▶ _Available records_
theorem lemma3p21:
  fixes d M L :: nat and u v R \<epsilon> b :: real and l :: "nat list"
    and D :: "(nat \<Rightarrow> real) set"
    and P :: "'a measure"
    and X :: "nat \<Rightarrow> 'a \<Rightarrow> (nat \<Rightarrow> real)" and Y :: "nat \<Rightarrow> 'a \<Rightarrow> real"
    and \<E> :: "((nat \<Rightarrow> real) \<Rightarrow> real) \<Rightarrow> real"
    and \<E>emp :: "(nat \<Rightarrow> real) \<Rightarrow> 'a \<Rightarrow> real"
    and S :: "'a \<Rightarrow> ennreal"
  assumes "d \<ge> 1" and "M \<ge> 1" and "L \<ge> 1"
    and "u < v" and "R \<ge> 1" and "\<epsilon> > 0" and "b > 0"
    and "length l = L + 1" and "\<forall>k \<in> set l. k \<ge> 1" and "l ! L = 1"
    and "arch_offset l L \<le> d"
    and "D \<subseteq> PiE {1..l ! 0} (\<lambda>_. {-b..b})" and "compact D"
    and "prob_space P"
    and "\<forall>m\<in>{1..M}. \<forall>\<omega>\<in>space P. X m \<omega> \<in> D \<and> Y m \<omega> \<in> {u..v}"
    and "\<forall>m\<in>{1..M}. X m \<in> measurable P (PiM {1..l ! 0} (\<lambda>_. borel))"
    and "\<forall>m\<in>{1..M}. Y m \<in> borel_measurable P"
    and "prob_space.indep_vars P (\<lambda>_. PiM {1..l ! 0} (\<lambda>_. borel) \<Otimes>\<^sub>M borel)
           (\<lambda>m \<omega>. (X m \<omega>, Y m \<omega>)) {1..M}"
    and "\<forall>m\<in>{1..M}. distr P (PiM {1..l ! 0} (\<lambda>_. borel) \<Otimes>\<^sub>M borel) (\<lambda>\<omega>. (X m \<omega>, Y m \<omega>))
           = distr P (PiM {1..l ! 0} (\<lambda>_. borel) \<Otimes>\<^sub>M borel) (\<lambda>\<omega>. (X 1 \<omega>, Y 1 \<omega>))"
  defines "\<E> \<equiv> \<lambda>f. integral\<^sup>L P (\<lambda>\<omega>. \<bar>f (X 1 \<omega>) - Y 1 \<omega>\<bar> ^ 2)"
    and "\<E>emp \<equiv> \<lambda>\<theta> \<omega>. (1 / real M) * (\<Sum>m=1..M. \<bar>clipped_net \<theta> l u v (X m \<omega>) 1 - Y m \<omega>\<bar> ^ 2)"
    and "S \<equiv> \<lambda>\<omega>. (SUP \<theta>\<in>param_box d R.
              ennreal \<bar>\<E>emp \<theta> \<omega> - \<E> (\<lambda>x. clipped_net \<theta> l u v x 1)\<bar>)"
  shows "S \<in> borel_measurable P \<and>
         measure P {\<omega> \<in> space P. S \<omega> \<ge> ennreal \<epsilon>}
         \<le> 2 * max 1 ((32 * real L * max 1 b * (real (Max (set l)) + 1) ^ L * R ^ L * (v - u) / \<epsilon>) ^ d)
             * exp (- (\<epsilon> ^ 2) * real M / (2 * (v - u) ^ 4))"
proof -
  interpret prob_space P by fact
  let ?Mxy = "PiM {1..l ! 0} (\<lambda>_. borel) \<Otimes>\<^sub>M (borel :: real measure)"
  define loss where "loss \<theta> p = \<bar>clipped_net \<theta> l u v (fst p) 1 - snd p\<bar> ^ 2" for \<theta> p
  define \<Lambda> where "\<Lambda> = 2 * (v - u) * (real L * max 1 b * (real (Max (set l)) + 1) ^ L * R ^ (L - 1))"
  have net: "length l = L + 1" "L \<ge> 1" "l ! L \<ge> 1" using assms(3,8,10) by auto
  have loss_measurable: "loss \<theta> \<in> borel_measurable ?Mxy" for \<theta>
    using measurable_clipped_net[OF net] unfolding loss_def by measurable
  interpret lipschitz_iid_family P d M R 0 "(v - u) ^ 2" \<Lambda> "\<lambda>\<theta> m \<omega>. loss \<theta> (X m \<omega>, Y m \<omega>)"
  proof unfold_locales
    show "0 < \<Lambda>" unfolding \<Lambda>_def using assms(3-5) by simp
    show "indep_vars (\<lambda>_. borel) (\<lambda>m \<omega>. loss \<theta> (X m \<omega>, Y m \<omega>)) {1..M}" for \<theta>
      using iid_compose(1)[OF assms(18) assms(19)[rule_format] _ loss_measurable] assms(2) by simp
    show "distr P borel (\<lambda>\<omega>. loss \<theta> (X m \<omega>, Y m \<omega>)) = distr P borel (\<lambda>\<omega>. loss \<theta> (X 1 \<omega>, Y 1 \<omega>))"
      if "m \<in> {1..M}" for \<theta> m
      using iid_compose(2)[OF assms(18) assms(19)[rule_format] _ loss_measurable that] assms(2) by simp
    show "loss \<theta> (X m \<omega>, Y m \<omega>) \<in> {0..(v - u) ^ 2}" if "m \<in> {1..M}" "\<omega> \<in> space P" for \<theta> m \<omega>
      unfolding loss_def fst_conv snd_conv using assms(15) that
      by (intro clipped_net_sq_loss_range[OF net(1,3)]) blast
    show "\<bar>loss \<theta> (X m \<omega>, Y m \<omega>) - loss \<eta> (X m \<omega>, Y m \<omega>)\<bar> \<le> \<Lambda> * \<delta>"
      if "\<theta> \<in> param_box d R" "\<eta> \<in> param_box d R" "\<forall>i. \<bar>\<theta> i - \<eta> i\<bar> \<le> \<delta>"
        and "m \<in> {1..M}" "\<omega> \<in> space P" for \<theta> \<eta> \<delta> m \<omega>
      unfolding loss_def \<Lambda>_def fst_conv snd_conv using assms(12,15) that
      by (intro clipped_net_sq_loss_param_diff[OF that(1-3) assms(5) _ _ net]) blast+
  qed (use assms(2,4,5,14) in auto)
  have S_eq: "S = (\<lambda>\<omega>. SUP \<theta>\<in>param_box d R. ennreal \<bar>deviation \<theta> \<omega>\<bar>)"
    unfolding assms(20-22) deviation_def by (simp add: loss_def)
  have K_eq: "16 * \<Lambda> * R / \<epsilon>
      = 32 * real L * max 1 b * (real (Max (set l)) + 1) ^ L * R ^ L * (v - u) / \<epsilon>"
    unfolding \<Lambda>_def using net(2) by (cases L) (simp_all add: field_simps)
  have exponent_eq: "((v - u) ^ 2 - 0) ^ 2 = (v - u) ^ 4" using power_mult[of "v - u" 2 2] by simp
  show ?thesis (is "?measurable \<and> ?bound")
  proof
    show ?measurable unfolding S_eq by (rule measurable_SUP_deviation)
    show ?bound using prob_SUP_deviation_ge[OF assms(6)] unfolding S_eq K_eq exponent_eq .
  qed
qed
lemma ball_poly_diag_identity:
  assumes "finite B" "0 \<in> B" "B1 \<subseteq> B" and shift: "\<forall>\<beta>\<in>B1. \<forall>t\<in>I. \<beta> + Poly_Mapping.single t 1 \<in> B"
  shows "gram B (diag_mat (ball_diag I B1 R c w)) + ball_poly R I * gram B1 (diag_mat w) = const c"
proof -
  have fin1: "finite B1" using assms(1,3) by (rule finite_subset[rotated])
  define S where "S = (\<Sum>\<beta>\<in>B1. Poly_Mapping.single (\<beta> + \<beta>) (R * w \<beta>))"
  define T where "T = (\<Sum>t\<in>I. \<Sum>\<beta>\<in>B1. Poly_Mapping.single (Poly_Mapping.single t 2 + (\<beta> + \<beta>)) (w \<beta>))"
  have "(\<Sum>\<alpha>\<in>B. Poly_Mapping.single (\<alpha> + \<alpha>) (if \<alpha> = 0 then c else 0)) = const c"
    using assms(1,2) by (simp add: const_def if_distrib[of "Poly_Mapping.single _"] cong: if_cong)
  moreover have "(\<Sum>\<alpha>\<in>B. Poly_Mapping.single (\<alpha> + \<alpha>) (\<Sum>\<beta>\<in>B1. if \<beta> = \<alpha> then R * w \<beta> else 0)) = S"
    unfolding S_def using assms(3) by (intro sum_single_double_reindex[OF assms(1), of B1 "\<lambda>\<beta>. \<beta>"]) auto
  moreover have "(\<Sum>\<alpha>\<in>B. Poly_Mapping.single (\<alpha> + \<alpha>)
      (\<Sum>t\<in>I. \<Sum>\<beta>\<in>B1. if \<beta> + Poly_Mapping.single t 1 = \<alpha> then w \<beta> else 0)) = T"
  proof -
    have "(\<Sum>\<alpha>\<in>B. Poly_Mapping.single (\<alpha> + \<alpha>)
        (\<Sum>t\<in>I. \<Sum>\<beta>\<in>B1. if \<beta> + Poly_Mapping.single t 1 = \<alpha> then w \<beta> else 0))
      = (\<Sum>t\<in>I. \<Sum>\<alpha>\<in>B. Poly_Mapping.single (\<alpha> + \<alpha>)
        (\<Sum>\<beta>\<in>B1. if \<beta> + Poly_Mapping.single t 1 = \<alpha> then w \<beta> else 0))"
      by (simp only: single_sum) (rule sum.swap)
    also have "\<dots> = (\<Sum>t\<in>I. \<Sum>\<beta>\<in>B1. Poly_Mapping.single
        ((\<beta> + Poly_Mapping.single t 1) + (\<beta> + Poly_Mapping.single t 1)) (w \<beta>))"
      using shift by (intro sum.cong refl sum_single_double_reindex[OF assms(1)]) auto
    also have "\<dots> = T"
      unfolding T_def
      by (intro sum.cong refl) (simp add: ac_simps flip: single_one_double)
    finally show ?thesis .
  qed
  ultimately have "gram B (diag_mat (ball_diag I B1 R c w)) = const c - S + T"
    unfolding gram_diag_mat[OF assms(1)] ball_diag_def
    by (simp only: single_add single_diff sum.distrib sum_subtractf)
  moreover have "ball_poly R I * gram B1 (diag_mat w) = S - T"
    unfolding ball_poly_def gram_diag_mat[OF fin1] S_def T_def const_def var_squared
    by (simp only: left_diff_distrib sum_distrib_left sum_distrib_right mult_single add_0 mult_1)
       (simp add: sum_subtractf, rule sum.swap)
  ultimately show ?thesis by simp
qed

lemma add_single_in_mons_iff:
  assumes "finite I" "t \<in> I" "hdeg (ball_poly R I) \<le> k"
  shows "\<beta> + Poly_Mapping.single t 1 \<in> mons I k \<longleftrightarrow> \<beta> \<in> mons I (k - hdeg (ball_poly R I))"
proof -
  have "hdeg (ball_poly R I) = 1" using assms(1,2) by (intro hdeg_ball_poly) auto
  then show ?thesis using assms(2,3) by (auto simp: mons_def)
qed

text \<open>Since \<open>R * ball_weight R c (\<beta> + e\<^sub>t) = ball_weight R c \<beta> / 2\<close>, the negative entry
  \<open>- R * w \<alpha>\<close> at \<open>\<alpha> = \<beta> + e\<^sub>t\<close> is outweighed by the shifted entry \<open>w \<beta>\<close>.\<close>
lemma ball_diag_pos:
  assumes fin: "finite I" and R: "R > 0" and c: "c > 0" and k: "hdeg (ball_poly R I) \<le> k"
    and \<alpha>: "\<alpha> \<in> mons I k"
  shows "ball_diag I (mons I (k - hdeg (ball_poly R I))) R c (ball_weight R c) \<alpha> > 0"
proof -
  let ?B1 = "mons I (k - hdeg (ball_poly R I))" and ?w = "ball_weight R c"
  let ?shifts = "\<Sum>t\<in>I. \<Sum>\<beta>\<in>?B1. if \<beta> + Poly_Mapping.single t 1 = \<alpha> then ?w \<beta> else 0"
  have w_pos: "?w \<beta> > 0" for \<beta> using R c by (simp add: ball_weight_def)
  have shifts_nonneg: "?shifts \<ge> 0" using w_pos by (intro sum_nonneg) (auto intro: less_imp_le)
  have diag_le: "(\<Sum>\<beta>\<in>?B1. if \<beta> = \<alpha> then R * ?w \<beta> else 0) \<le> R * ?w \<alpha>"
    using fin R w_pos[of \<alpha>] by (simp add: finite_mons)
  show ?thesis
  proof (cases "\<alpha> = 0")
    case True
    then have "R * ?w \<alpha> = c / 2" using R by (simp add: ball_weight_def)
    then show ?thesis using True shifts_nonneg diag_le c by (simp add: ball_diag_def)
  next
    case False
    then obtain t where t: "t \<in> Poly_Mapping.keys \<alpha>" by (metis keys_eq_empty all_not_in_conv)
    then obtain \<beta> where \<alpha>_eq: "\<alpha> = \<beta> + Poly_Mapping.single t 1" by (rule monom_split_var)
    have "t \<in> I" using t \<alpha> by (auto simp: mons_def)
    then have "\<beta> \<in> ?B1" using add_single_in_mons_iff[OF fin _ k] \<alpha> \<alpha>_eq by blast
    have "?w \<beta> \<le> (\<Sum>\<beta>'\<in>?B1. if \<beta>' + Poly_Mapping.single t 1 = \<alpha> then ?w \<beta>' else 0)"
      using member_le_sum[OF \<open>\<beta> \<in> ?B1\<close>, of "\<lambda>\<beta>'. if \<beta>' + Poly_Mapping.single t 1 = \<alpha> then ?w \<beta>' else 0"]
        \<alpha>_eq w_pos fin by (auto simp: finite_mons less_imp_le)
    also have "\<dots> \<le> ?shifts"
      using \<open>t \<in> I\<close> fin w_pos
      by (intro member_le_sum[where f="\<lambda>t. \<Sum>\<beta>\<in>?B1. if \<beta> + Poly_Mapping.single t 1 = \<alpha> then ?w \<beta> else 0"])
         (auto intro!: sum_nonneg simp: less_imp_le)
    finally have "?w \<beta> \<le> ?shifts" .
    moreover have "R * ?w \<alpha> = ?w \<beta> / 2" using \<alpha>_eq R by (simp add: ball_weight_def field_simps)
    ultimately show ?thesis using False diag_le w_pos[of \<beta>] by (simp add: ball_diag_def)
  qed
qed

▶ _Work to complete_
Retype word for word everything in the listing above from the line that holds "using shift by" down to the line that holds "by (simp only: single_add". Keep both end lines and leave out the rest.

▶ _Finished exercise_
      using shift by (intro sum.cong refl sum_single_double_reindex[OF assms(1)]) auto
    also have "\<dots> = T"
      unfolding T_def
      by (intro sum.cong refl) (simp add: ac_simps flip: single_one_double)
    finally show ?thesis .
  qed
  ultimately have "gram B (diag_mat (ball_diag I B1 R c w)) = const c - S + T"
    unfolding gram_diag_mat[OF assms(1)] ball_diag_def
    by (simp only: single_add single_diff sum.distrib sum_subtractf)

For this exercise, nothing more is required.